看著昔日人來人往的平民醫館突然一下子清靜了不少,王靜輝還真沒有反應過來,他讓劉賬房把城外的孤兒也都給接回到醫館裡面住,反正醫館裡面的空房子很多,空著也是空著,倒不如利用起來讓大家都聚集到一起過年還熱鬧點。孩子們雖然都很年幼,但也知道如果沒有眼前這個東家,自己多半是無法挺過這個寒冷的冬天的,所以對王靜輝格外的尊敬,都很乖巧。

除夕這天,大家都忙活著收拾屋子準備迎接新的一年,平民醫館裡面也是一片忙碌的身影。王靜輝孤身一人來到這個時空,到沒有什麼顧忌的,他也沒有大戶人家過春節那樣需要拜祭祖先,只需要把醫館這裡收拾乾淨就可以了。王靜輝也出來一起和大家收拾院子,大家見自己的東家平時也沒有什麼架子,但看到他親自干這些原本是僕從乾的粗活的時候,也都紛紛勸他回去,只不過拗不過他所以也就散開了。

在二十一世紀雖然還有「人以類聚,物以群分」和貧富之分,但王靜輝可沒有這麼多顧忌,在他眼中這些家丁不過和他是僱傭關係罷了,除此之外脫了衣服進澡堂,誰還能分辨的出來你是皇帝還是貧民?他沒有意識到自己對於眼前這些人擁有支配的地位,還是和他們一起收拾自己的家園。就這樣王靜輝治平元年的除夕就是和醫館中的眾人在一片嬉鬧中渡過。

最讓王靜輝感到熟悉的便是這個時代的煙花爆竹了,雖然這時候還沒有禮花彈這樣的品種,但王靜輝在街上和眾人一起燃放煙花的時候覺得好象是身處原來的時空一樣,那美麗的煙花雖然經過一千年的輪迴,在他的眼中也變得格外親切起來。
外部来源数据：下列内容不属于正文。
(* For all $w,v\in\mathbb{C}$: $S_n(w;v)/\sqrt{n}$ remains bounded as real $n\to\infty$ if and only if $w\notin\mathcal{Z}$. Also (for $w\neq0$) $T_n(w;v)/\sqrt{n}$ remains bounded as $n\to\infty$ if and only if $w\notin\mathcal{Y}$.
   Context: Principal logarithm branch (arguments in $(-\pi,\pi]$); $(nw)^{-(n+v)}=e^{-(n+v)\log n}e^{-(n+v)\log w}$. For real $n>0$ with $\mathrm{Re}(n+v)>-1$: $S_n(w;v)=1+nw\int_0^1 e^{nw(1-z)}z^{n+v}\,dz$ and, for $w\ne0$, $T_n(w;v)=e^{nw}(nw)^{-(n+v)}\Gamma(n+v+1)-S_n(w;v)$. Regions: $\mathcal{Y}=\{w:|we^{1-w}|<1,\ \mathrm{Re}(w)<1\}$ and $\mathcal{Z}=\{w:|we^{1-w}|<1,\ \mathrm{Re}(w)>1\}$. *)

theory Defs
  imports "HOL-Analysis.Analysis"
begin

definition S_fun :: "real \<Rightarrow> complex \<Rightarrow> complex \<Rightarrow> complex" where
  "S_fun n w v = 1 + of_real n * w *
     integral {0..1} (\<lambda>z::real. exp (of_real n * w * (1 - of_real z)) * (of_real z) powr (of_real n + v))"

text \<open>(n w)^{-(n+v)} := e^{-(n+v) log n} e^{-(n+v) log w} (principal log).\<close>
definition nw_pow :: "real \<Rightarrow> complex \<Rightarrow> complex \<Rightarrow> complex" where
  "nw_pow n w v = exp (- (of_real n + v) * of_real (ln n)) * exp (- (of_real n + v) * Ln w)"

definition T_fun :: "real \<Rightarrow> complex \<Rightarrow> complex \<Rightarrow> complex" where
  "T_fun n w v = exp (of_real n * w) * nw_pow n w v * Gamma (of_real n + v + 1) - S_fun n w v"

definition regionY :: "complex set" where
  "regionY = {w. cmod (w * exp (1 - w)) < 1 \<and> Re w < 1}"

definition regionZ :: "complex set" where
  "regionZ = {w. cmod (w * exp (1 - w)) < 1 \<and> Re w > 1}"

definition bounded_at_top :: "(real \<Rightarrow> complex) \<Rightarrow> bool" where
  "bounded_at_top f \<longleftrightarrow> (\<exists>C. \<forall>\<^sub>F n in at_top. cmod (f n) \<le> C)"

end

theory Submission
  imports Defs "HOL-Complex_Analysis.Cauchy_Integral_Theorem"
begin

definition Gamma_scaled :: "real \<Rightarrow> real \<Rightarrow> real" where
  "Gamma_scaled c n = exp n * n powr (-(n + c)) * Gamma (n + c + 1)"

lemma Gamma_scaled_pos: "0 < n \<Longrightarrow> 0 < n + c + 1 \<Longrightarrow> 0 < Gamma_scaled c n"
  by (simp add: Gamma_scaled_def Gamma_real_pos)

lemma Gamma_scaled_0_step:
  assumes m: "0 < m"
  shows "Gamma_scaled 0 (m + 1) = exp (1 - m * ln (1 + 1/m)) * Gamma_scaled 0 m"
proof -
  have "Gamma (m + 1 + 1) = (m + 1) * Gamma (m + 1)"
    using m by (intro Gamma_plus1) (auto elim!: nonpos_Ints_cases)
  hence "Gamma_scaled 0 (m + 1) = exp (m + 1) * ((m + 1) powr (-(m + 1) + 1)) * Gamma (m + 1)"
    unfolding powr_add using m by (simp add: Gamma_scaled_def)
  also have "(m + 1) powr (-(m + 1) + 1) = exp (- m * ln (1 + 1/m)) * m powr (-m)"
  proof -
    have "ln (1 + 1/m) = ln (m + 1) - ln m"
      using m by (simp add: field_simps ln_div)
    then show ?thesis
      using m by (simp only: powr_def) (simp add: exp_add [symmetric] algebra_simps)
  qed
  finally show ?thesis
    by (simp add: Gamma_scaled_def exp_add exp_diff exp_minus field_simps)
qed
如果要問王靜輝什麼時候最能體現這一千年前世界第一都市風采的時候,他肯定會告訴你是在春節的時候。剛剛大年初二,王靜輝和劉賬房帶上禮物乘坐在馬車中去珠寶店徐老那裡去拜年,路上王靜輝透過車窗看到大街上人來人往,出來訪親尋友拜年的人們絡繹不絕;大街兩旁的酒樓茶肆都紛紛開張營業,這是和王靜輝原來時空有所不同的,在二十一世紀雖然一些飯店也推出了年夜飯項目,但大多數餐飲行業都是在初八才開門的,不光是酒樓茶肆今天都開門營業,道路兩旁還有許多小商販挑著裝滿各種貨物的擔子沿街叫賣;最吸引人眼球的便是在大相國寺這段御街上那些雜耍藝人了……

同在車內的劉賬房看到王靜輝掀開車窗的布簾不時好奇的向外四處張望,心中不禁好笑道:東家雖然平時很能掙錢,就是商場老手也不過如此,但此時看來也不過是個孩子罷了……「東家,你還是第一次在汴都過春節吧?」劉賬房說道。
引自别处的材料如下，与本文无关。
theorem lemma1:
  fixes \<Omega> :: "'a measure"
    and n N m :: nat
    and c :: "nat \<Rightarrow> real"
    and P :: "nat \<Rightarrow> pauli_string"
    and G :: "nat \<Rightarrow> nat set"
    and Ms :: "nat \<Rightarrow> nat"
    and ev :: "nat \<Rightarrow> real"
    and Xbar :: "nat \<Rightarrow> nat \<Rightarrow> 'a \<Rightarrow> real"
  assumes "prob_space \<Omega>"
    and "pauli_hamiltonian n N c P"
    and "overlapped_grouping N P m G"
    and "\<forall>j<m. Ms j > 0"
    and "\<forall>i<N. \<bar>ev i\<bar> \<le> 1"
    and "\<forall>j<m. \<forall>i\<in>G j. Xbar i j \<in> borel_measurable \<Omega>
            \<and> integrable \<Omega> (\<lambda>\<omega>. (Xbar i j \<omega>)\<^sup>2)
            \<and> prob_space.expectation \<Omega> (Xbar i j) = ev i
            \<and> prob_space.variance \<Omega> (Xbar i j) = (1 - (ev i)\<^sup>2) / real (Ms j)"
    and indep: "prob_space.indep_vars \<Omega> (\<lambda>j. \<Pi>\<^sub>M i\<in>G j. borel)
                  (\<lambda>j \<omega>. \<lambda>i\<in>G j. Xbar i j \<omega>) {..<m}"
    and uncorr: "\<forall>j<m. \<forall>i\<in>G j. \<forall>k\<in>G j. i \<noteq> k \<longrightarrow>
                  prob_space.covariance \<Omega> (Xbar i j) (Xbar k j) = 0"
  shows "admissible_weights N m G (optimal_weights m G Ms)
    \<and> (\<forall>w. admissible_weights N m G w \<longrightarrow>
          prob_space.variance \<Omega> (energy_estimator N m G c Xbar (optimal_weights m G Ms))
            \<le> prob_space.variance \<Omega> (energy_estimator N m G c Xbar w))"
proof -
  interpret prob_space \<Omega> by fact
  have meas: "Xbar i j \<in> borel_measurable \<Omega>"
    and sq: "integrable \<Omega> (\<lambda>\<omega>. (Xbar i j \<omega>)\<^sup>2)"
    and var: "variance (Xbar i j) = (1 - (ev i)\<^sup>2) / real (Ms j)"
    if "j < m" "i \<in> G j" for i j
    using assms(6) that by blast+
  have uncorrelated: "covariance (Xbar i j) (Xbar k l) = 0"
    if "j < m" "i \<in> G j" "l < m" "k \<in> G l" "(i, j) \<noteq> (k, l)" for i j k l
    by (rule covariance_eq_0_grouped[OF indep, unfolded lessThan_iff]) (use that uncorr meas sq in auto)
  have variance_eq: "variance (energy_estimator N m G c Xbar w)
      = (\<Sum>i<N. (c i)\<^sup>2 * (1 - (ev i)\<^sup>2) * (\<Sum>j\<in>Gamma m G i. (w i j)\<^sup>2 / real (Ms j)))" for w
  proof -
    have "variance (energy_estimator N m G c Xbar w)
        = (\<Sum>i<N. (c i)\<^sup>2 * (\<Sum>j\<in>Gamma m G i. (w i j)\<^sup>2 * variance (Xbar i j)))"
      by (rule variance_energy_estimator[OF meas sq uncorrelated])
    also have "\<dots> = (\<Sum>i<N. (c i)\<^sup>2 * (1 - (ev i)\<^sup>2) * (\<Sum>j\<in>Gamma m G i. (w i j)\<^sup>2 / real (Ms j)))"
      using var by (auto simp: Gamma_def sum_distrib_left mult_ac intro!: sum.cong)
    finally show ?thesis .
  qed
  have ev_square_le_1: "(ev i)\<^sup>2 \<le> 1" if "i < N" for i
    using assms(5) that abs_le_square_iff[of "ev i" 1] by simp
  show ?thesis
  proof (intro conjI allI impI)
    show "admissible_weights N m G (optimal_weights m G Ms)"
      using assms(3,4) by (rule admissible_optimal_weights)
    fix w assume w: "admissible_weights N m G w"
    show "variance (energy_estimator N m G c Xbar (optimal_weights m G Ms))
        \<le> variance (energy_estimator N m G c Xbar w)"
      unfolding variance_eq
      by (rule sum_mono, rule mult_left_mono)
         (use ev_square_le_1 sum_square_div_optimal_weights_le[OF w _ assms(4)] in auto)
  qed
qed

end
王靜輝扭頭看到了劉賬房微笑著問他,他也感到有些不好意思說道:「劉先生,我也是第一次在汴都過春節,從來沒有見過這裡這麼熱鬧。」說著劉賬房掀開窗戶的布簾向窗外的街道上給他介紹開封過春節時候的各種景象,王靜輝邊聽邊看這號稱天下第一都城的景象,就好像他第一次來開封的時候,自己徜徉在御街上一樣。
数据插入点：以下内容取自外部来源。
lemma card_free_generators_of_degree:
  fixes Z :: "(nat list \<Rightarrow> 'k::field) set"
  assumes d: "0 < d" and Z: "free_homog_generators d Z" and n: "n \<ge> 1"
  shows "finite {z \<in> Z. homogeneous n z} \<and> card {z \<in> Z. homogeneous n z} = (d - 1) ^ (n - 1)"
proof -
  have "\<forall>z\<in>Z. \<exists>n\<ge>1. homogeneous n z \<and> z \<noteq> (\<lambda>_. 0)"
    using Z by (simp add: free_homog_generators_def)
  then obtain deg where deg: "\<And>z. z \<in> Z \<Longrightarrow> deg z \<ge> 1 \<and> homogeneous (deg z) z \<and> z \<noteq> (\<lambda>_. 0)"
    by metis
  have "{z \<in> Z. homogeneous n z} = weight_class Z deg n"
    using deg homogeneous_unique by (auto simp: weight_class_def)
  moreover have "finite (weight_class Z deg n) \<and> card (weight_class Z deg n) = (d - 1) ^ (n - 1)"
    using deg card_weighted_lists_free_generators[OF d Z] d n by (intro card_weight_class) auto
  ultimately show ?thesis
    by simp
qed

theorem theorem3p1:
  fixes K :: "'k::field_char_0 itself" and d :: nat
  assumes "d \<ge> 2"
  shows "hilbert_series K d = (1 - of_nat (d - 1) * fps_X) / (1 - of_nat d * fps_X)
         \<and> (\<forall>n\<ge>1. inv_dim K d n = d ^ (n - 1))
         \<and> (\<exists>Z :: (nat list \<Rightarrow> 'k) set. free_homog_generators d Z)
         \<and> (\<forall>Z :: (nat list \<Rightarrow> 'k) set. free_homog_generators d Z \<longrightarrow>
              (\<forall>n\<ge>1. finite {z\<in>Z. homogeneous n z}
                      \<and> card {z\<in>Z. homogeneous n z} = (d - 1) ^ (n - 1)))"
proof (intro conjI allI impI)
  have d: "0 < d"
    using assms by simp
  show "hilbert_series K d = (1 - of_nat (d - 1) * fps_X) / (1 - of_nat d * fps_X)"
    by (rule hilbert_series_eq[OF d])
  show "inv_dim K d n = d ^ (n - 1)" if "n \<ge> 1" for n
    using inv_dim_eq[OF d, of K n] that by simp
  show "\<exists>Z :: (nat list \<Rightarrow> 'k) set. free_homog_generators d Z"
    using free_homog_generators_orbit_sums[OF d] by blast
  show "finite {z\<in>Z. homogeneous n z}" "card {z\<in>Z. homogeneous n z} = (d - 1) ^ (n - 1)"
    if "free_homog_generators d Z" "n \<ge> 1" for Z :: "(nat list \<Rightarrow> 'k) set" and n
    using card_free_generators_of_degree[OF d that] by simp_all
qed

end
王靜輝因為開了濟民製藥、商務印書館和神火煤火行,也理所當然的是這開封商界中的一員了,而且還是非常有名的商人了,相對開封文人來說,開封的商人更了解他一點兒。並且王靜輝開辦的這三家實業進出貨都比較大,尤其是中藥和書籍,開封和這兩樣有關係的商人誰人不知王靜輝啊,所以來平民醫館給王靜輝拜年的商人格外多,他們大多都是來趁著過年給王靜輝拜年的機會來和他旗下的產業搞好關係的。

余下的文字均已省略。